Barons of the Sea PDF Author: Steven Ujifusa
Publisher: Simon & Schuster
ISBN: 1476745986
Category : History
Languages : en
Pages : 448

Book Description
“A fascinating, fast-paced history…full of remarkable characters and incredible stories” about the nineteenth-century American dynasties who battled for dominance of the tea and opium trades (Nathaniel Philbrick, National Book Award–winning author of In the Heart of the Sea). There was a time, back when the United States was young and the robber barons were just starting to come into their own, when fortunes were made and lost importing luxury goods from China. It was a secretive, glamorous, often brutal business—one where teas and silks and porcelain were purchased with profits from the opium trade.
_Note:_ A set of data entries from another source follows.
(* Consider the second-order Kuramoto model with bonding force $$\dot\theta_i=\omega_i,\qquad \dot\omega_i=\frac{1}{N}\sum_{j=1}^N\big[\kappa_0\cos(\theta_j-\theta_i)+\kappa_1\big](\omega_j-\omega_i)+\frac{\kappa_2}{N}\sum_{j=1}^N\big[|\theta_j-\theta_i|-\theta^\infty_{ij}\big]\operatorname{sgn}(\theta_j-\theta_i),\quad i\in[N].$$ Suppose $(\Theta^0,W^0)\in\mathcal{S}$, $\mathcal{E}(0)<\frac{\kappa_2(\min_{i\ne j}\theta^\infty_{ij})^2}{2N}$, $\kappa_0\cos\mathcal{U}+\kappa_1>0$, $\kappa_2>0$, and let $\{\theta_i\}$ be a global smooth solution. Then for $i\ne j$, $$\sup_{t\ge0}\Big|\frac{d}{dt}|\omega_j(t)-\omega_i(t)|^2\Big|<\infty,$$ and consequently the map $t\mapsto\sum_{i,j=1}^N|\omega_j(t)-\omega_i(t)|^2$ is uniformly continuous on $[0,\infty)$.
   Context: $N\ge2$, $\kappa_0,\kappa_1\ge0$; $[\theta^\infty_{ij}]$ real symmetric with zero diagonal; $\operatorname{sgn}$ the sign function. $\mathcal{E}:=\frac12\sum_i|\omega_i|^2+\frac{\kappa_2}{4N}\sum_{i,j}(|\theta_j-\theta_i|-\theta^\infty_{ij})^2$; $\mathcal{U}:=\max_{i\ne j}\theta^\infty_{ij}+\sqrt{2N\mathcal{E}(0)/\kappa_2}$; $\mathcal{S}:=\{(\Theta,W)\in\mathbb{R}^{2N}:|\theta_i-\theta_j|<\mathcal{U}<\pi\ \forall i,j\}$. *)

theory Defs
  imports "HOL-Analysis.Analysis"
begin

text \<open>Oscillators are indexed by 0..N-1. A state is a pair of maps nat => real
 (phases Theta and frequencies W); only indices below N matter.\<close>

definition kur_energy ::
  "nat \<Rightarrow> real \<Rightarrow> (nat \<Rightarrow> nat \<Rightarrow> real) \<Rightarrow> (nat \<Rightarrow> real) \<Rightarrow> (nat \<Rightarrow> real) \<Rightarrow> real" where
  "kur_energy N \<kappa>2 thinf \<Theta> W =
     (1/2) * (\<Sum>i<N. (W i)\<^sup>2)
     + \<kappa>2 / (4 * real N) * (\<Sum>i<N. \<Sum>j<N. (\<bar>\<Theta> j - \<Theta> i\<bar> - thinf i j)\<^sup>2)"

definition max_thinf :: "nat \<Rightarrow> (nat \<Rightarrow> nat \<Rightarrow> real) \<Rightarrow> real" where
  "max_thinf N thinf = Max {thinf i j | i j. i < N \<and> j < N \<and> i \<noteq> j}"

definition min_thinf :: "nat \<Rightarrow> (nat \<Rightarrow> nat \<Rightarrow> real) \<Rightarrow> real" where
  "min_thinf N thinf = Min {thinf i j | i j. i < N \<and> j < N \<and> i \<noteq> j}"

definition kur_U :: "nat \<Rightarrow> real \<Rightarrow> (nat \<Rightarrow> nat \<Rightarrow> real) \<Rightarrow> real \<Rightarrow> real" where
  "kur_U N \<kappa>2 thinf E0 = max_thinf N thinf + sqrt (2 * real N * E0 / \<kappa>2)"

definition in_S :: "nat \<Rightarrow> real \<Rightarrow> (nat \<Rightarrow> real) \<Rightarrow> bool" where
  "in_S N U \<Theta> \<longleftrightarrow> (\<forall>i<N. \<forall>j<N. \<bar>\<Theta> i - \<Theta> j\<bar> < U) \<and> U < pi"

definition kur_rhs ::
  "nat \<Rightarrow> real \<Rightarrow> real \<Rightarrow> real \<Rightarrow> (nat \<Rightarrow> nat \<Rightarrow> real) \<Rightarrow> (nat \<Rightarrow> real) \<Rightarrow> (nat \<Rightarrow> real) \<Rightarrow> nat \<Rightarrow> real" where
  "kur_rhs N \<kappa>0 \<kappa>1 \<kappa>2 thinf \<Theta> W i =
     (1 / real N) * (\<Sum>j<N. (\<kappa>0 * cos (\<Theta> j - \<Theta> i) + \<kappa>1) * (W j - W i))
     + (\<kappa>2 / real N) * (\<Sum>j<N. (\<bar>\<Theta> j - \<Theta> i\<bar> - thinf i j) * sgn (\<Theta> j - \<Theta> i))"

definition kur_solution ::
  "nat \<Rightarrow> real \<Rightarrow> real \<Rightarrow> real \<Rightarrow> (nat \<Rightarrow> nat \<Rightarrow> real) \<Rightarrow> (real \<Rightarrow> nat \<Rightarrow> real) \<Rightarrow> (real \<Rightarrow> nat \<Rightarrow> real) \<Rightarrow> bool" where
  "kur_solution N \<kappa>0 \<kappa>1 \<kappa>2 thinf \<theta> \<omega> \<longleftrightarrow>
     (\<forall>t\<ge>0. \<forall>i<N.
        ((\<lambda>s. \<theta> s i) has_real_derivative \<omega> t i) (at t within {0..}) \<and>
        ((\<lambda>s. \<omega> s i) has_real_derivative kur_rhs N \<kappa>0 \<kappa>1 \<kappa>2 thinf (\<theta> t) (\<omega> t) i) (at t within {0..}))"

end

theory Submission
  imports Defs
begin

text \<open>
  Along a solution the energy satisfies
  \<open>E' = -(1/2N) \<Sum>\<^sub>i\<^sub>j (\<kappa>\<^sub>0 cos(\<theta>\<^sub>j - \<theta>\<^sub>i) + \<kappa>\<^sub>1) (\<omega>\<^sub>j - \<omega>\<^sub>i)\<^sup>2\<close>
  as long as no two phases coincide, so it does not increase while, in addition, all these couplings
  are positive. Conversely, \<open>E(t) \<le> E(0)\<close> forces every phase gap to lie within
  \<open>s = sqrt (2 N E(0) / \<kappa>\<^sub>2)\<close> of its bond length \<open>\<theta>\<^sup>\<infinity>\<^sub>i\<^sub>j\<close>; since \<open>s < min \<theta>\<^sup>\<infinity>\<close>
  and \<open>max \<theta>\<^sup>\<infinity> + s = U < \<pi>\<close>, no gap vanishes and every coupling stays above
  \<open>\<kappa>\<^sub>0 cos U + \<kappa>\<^sub>1 > 0\<close>. A continuity argument (the set of bad times is closed, and the first
  bad time would satisfy the energy bound) gives \<open>E(t) \<le> E(0)\<close> for all \<open>t \<ge> 0\<close>. Hence the
  frequencies are bounded by \<open>sqrt (2 E(0))\<close>, so are the right-hand sides of the system, and
  therefore the derivatives of all \<open>(\<omega>\<^sub>j - \<omega>\<^sub>i)\<^sup>2\<close>; their sum is Lipschitz, hence uniformly
  continuous.
\<close>

lemma has_real_derivative_abs:
  fixes g :: "real \<Rightarrow> real"
  assumes g': "(g has_real_derivative g') (at t within S)" and nz: "g t \<noteq> 0"
  shows "((\<lambda>s. \<bar>g s\<bar>) has_real_derivative sgn (g t) * g') (at t within S)"
proof -
  have "\<forall>\<^sub>F y in nhds (g t). \<bar>y\<bar> = sgn (g t) * y"
  proof (cases "g t > 0")
    case True
    then have "\<forall>\<^sub>F y in nhds (g t). y > 0"
      using order_tendstoD(1)[OF filterlim_ident True] by simp
    then show ?thesis by eventually_elim (use True in auto)
  next
    case False
    with nz have "g t < 0" by simp
    then have "\<forall>\<^sub>F y in nhds (g t). y < 0"
      using order_tendstoD(2)[OF filterlim_ident \<open>g t < 0\<close>] by simp
    then show ?thesis by eventually_elim (use \<open>g t < 0\<close> in auto)
  qed
  moreover have "((\<lambda>y. sgn (g t) * y) has_real_derivative sgn (g t)) (at (g t))"
    using DERIV_cmult[OF DERIV_ident] by simp
  ultimately have "(abs has_real_derivative sgn (g t)) (at (g t))"
    using DERIV_cong_ev[OF refl _ refl] by blast
  then show ?thesis
    using DERIV_chain2[OF _ g'] by blast
qed

lemma at_within_atLeast_neq_bot:
  fixes a t :: real
  assumes "a \<le> t"
  shows "at t within {a..} \<noteq> bot"
proof -
  have "at_right t \<le> at t within {a..}"
    using assms by (intro at_le) auto
  then show ?thesis
    using trivial_limit_at_right_real by (metis bot.extremum_uniqueI)
qed

lemma sum_sum_antisym_mult:
  fixes h :: "'a \<Rightarrow> 'a \<Rightarrow> real"
  assumes antisym: "\<And>i j. i \<in> A \<Longrightarrow> j \<in> A \<Longrightarrow> h j i = - h i j"
  shows "(\<Sum>i\<in>A. \<Sum>j\<in>A. h i j * w i) = - (1/2) * (\<Sum>i\<in>A. \<Sum>j\<in>A. h i j * (w j - w i))"
proof -
  have "(\<Sum>i\<in>A. \<Sum>j\<in>A. h i j * w i) = (\<Sum>j\<in>A. \<Sum>i\<in>A. h i j * w i)"
    by (rule sum.swap)
  also have "\<dots> = (\<Sum>j\<in>A. \<Sum>i\<in>A. - (h j i * w i))"
  proof (intro sum.cong refl)
    fix i j assume "i \<in> A" "j \<in> A"
    then show "h i j * w i = - (h j i * w i)"
      using antisym[of j i] by simp
  qed
  finally have "(\<Sum>i\<in>A. \<Sum>j\<in>A. h i j * w i) = - (\<Sum>i\<in>A. \<Sum>j\<in>A. h i j * w j)"
    by (simp add: sum_negf)
  then show ?thesis
    by (simp add: right_diff_distrib sum_subtractf)
qed

lemma abs_sum_lessThan_le:
  fixes f :: "nat \<Rightarrow> real"
  assumes "\<And>j. j < N \<Longrightarrow> \<bar>f j\<bar> \<le> C"
  shows "\<bar>\<Sum>j<N. f j\<bar> \<le> real N * C"
  using order_trans[OF sum_abs sum_bounded_above[of "{..<N}" "\<lambda>j. \<bar>f j\<bar>" C]] assms by simp

lemma abs_mean_le:
  fixes f :: "nat \<Rightarrow> real"
  assumes "N > 0" and "\<And>j. j < N \<Longrightarrow> \<bar>f j\<bar> \<le> C"
  shows "\<bar>(\<Sum>j<N. f j) / real N\<bar> \<le> C"
  using abs_sum_lessThan_le[OF assms(2)] assms(1) by (simp add: field_simps)

lemma atLeast_induct_closed_exceptions:
  fixes P :: "real \<Rightarrow> bool"
  assumes closed: "closed {t. a \<le> t \<and> \<not> P t}"
    and step: "\<And>t. a \<le> t \<Longrightarrow> (\<And>u. a \<le> u \<Longrightarrow> u < t \<Longrightarrow> P u) \<Longrightarrow> P t"
    and "a \<le> t"
  shows "P t"
proof (rule ccontr)
  define B where "B = {t. a \<le> t \<and> \<not> P t}"
  assume "\<not> P t"
  with \<open>a \<le> t\<close> have "B \<noteq> {}"
    unfolding B_def by auto
  moreover have below: "bdd_below B"
    unfolding B_def by (rule bdd_belowI[of _ a]) auto
  ultimately have first: "Inf B \<in> B"
    using closed by (intro closed_contains_Inf) (simp_all add: B_def)
  have "P (Inf B)"
  proof (rule step)
    show "a \<le> Inf B"
      using first unfolding B_def by simp
  next
    fix u assume "a \<le> u" "u < Inf B"
    then show "P u"
      using cInf_lower[OF _ below, of u] unfolding B_def by force
  qed
  with first show False
    unfolding B_def by simp
qed

lemma uniformly_continuous_on_bounded_derivative:
  fixes f :: "real \<Rightarrow> real"
  assumes "convex S"
    and deriv: "\<And>t. t \<in> S \<Longrightarrow> (f has_real_derivative f' t) (at t within S)"
    and bound: "\<And>t. t \<in> S \<Longrightarrow> \<bar>f' t\<bar> \<le> B"
  shows "uniformly_continuous_on S f"
proof (rule lipschitz_on_uniformly_continuous)
  show "(max B 0)-lipschitz_on S f"
  proof (rule lipschitz_onI)
    fix x y assume "x \<in> S" "y \<in> S"
    have "norm (f x - f y) \<le> max B 0 * norm (x - y)"
      by (rule field_differentiable_bound[OF \<open>convex S\<close> deriv])
         (use bound \<open>x \<in> S\<close> \<open>y \<in> S\<close> in \<open>auto intro: le_max_iff_disj[THEN iffD2]\<close>)
    then show "dist (f x) (f y) \<le> max B 0 * dist x y"
      by (simp add: dist_norm)
  qed simp
qed

lemma kur_energy_nonneg:
  assumes "\<kappa>2 \<ge> 0"
  shows "0 \<le> kur_energy N \<kappa>2 thinf \<Theta> W"
  unfolding kur_energy_def using assms by (intro add_nonneg_nonneg mult_nonneg_nonneg sum_nonneg) auto

lemma kur_energy_ge_kinetic:
  assumes "\<kappa>2 \<ge> 0" and "i < N"
  shows "(W i)\<^sup>2 / 2 \<le> kur_energy N \<kappa>2 thinf \<Theta> W"
proof -
  have "(W i)\<^sup>2 \<le> (\<Sum>k<N. (W k)\<^sup>2)"
    by (rule member_le_sum) (use assms(2) in auto)
  moreover have "0 \<le> \<kappa>2 / (4 * real N) * (\<Sum>i<N. \<Sum>j<N. (\<bar>\<Theta> j - \<Theta> i\<bar> - thinf i j)\<^sup>2)"
    using assms(1) by (intro mult_nonneg_nonneg sum_nonneg) auto
  ultimately show ?thesis
    unfolding kur_energy_def by linarith
qed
But the journey by sea to New York from Canton could take six agonizing months, and so the most pressing technological challenge of the day became ensuring one’s goods arrived first to market, so they might fetch the highest price. “With the verse of a natural dramatist” (The Christian Science Monitor), Steven Ujifusa tells the story of a handful of cutthroat competitors who raced to build the fastest, finest, most profitable clipper ships to carry their precious cargo to American shores. They were visionary, eccentric shipbuilders, debonair captains, and socially ambitious merchants with names like Forbes and Delano—men whose business interests took them from the cloistered confines of China’s expatriate communities to the sin city decadence of Gold Rush-era San Francisco, and from the teeming hubbub of East Boston’s shipyards and to the lavish sitting rooms of New York’s Hudson Valley estates. Elegantly written and meticulously researched, Barons of the Sea is a riveting tale of innovation and ingenuity that “takes the reader on a rare and intoxicating journey back in time” (Candice Millard, bestselling author of Hero of the Empire), drawing back the curtain on the making of some of the nation’s greatest fortunes, and the rise and fall of an all-American industry as sordid as it was genteel.

Sails Over Ice

Sails Over Ice PDF Author: Robert Abram Bartlett
Publisher:
ISBN: 9781897317365
Category : Arctic regions
Languages : en
Pages : 322

Book Description
Sails Over Ice picks up where The Log of Bob Bartlett left off. Between the years 1925-1933, Captain Bob Bartlett and the Morrissey explored coastal Greenland and much of Northern Canada, harvesting scientific specimens and Inuit artifacts for North American societies and museums and collecting Arctic mammals for zoos. This world-famous captain from Newfoundland never lost a single soul on either of these trips. Most believe that Bartlett's contribution to exploration and natural science is without equal.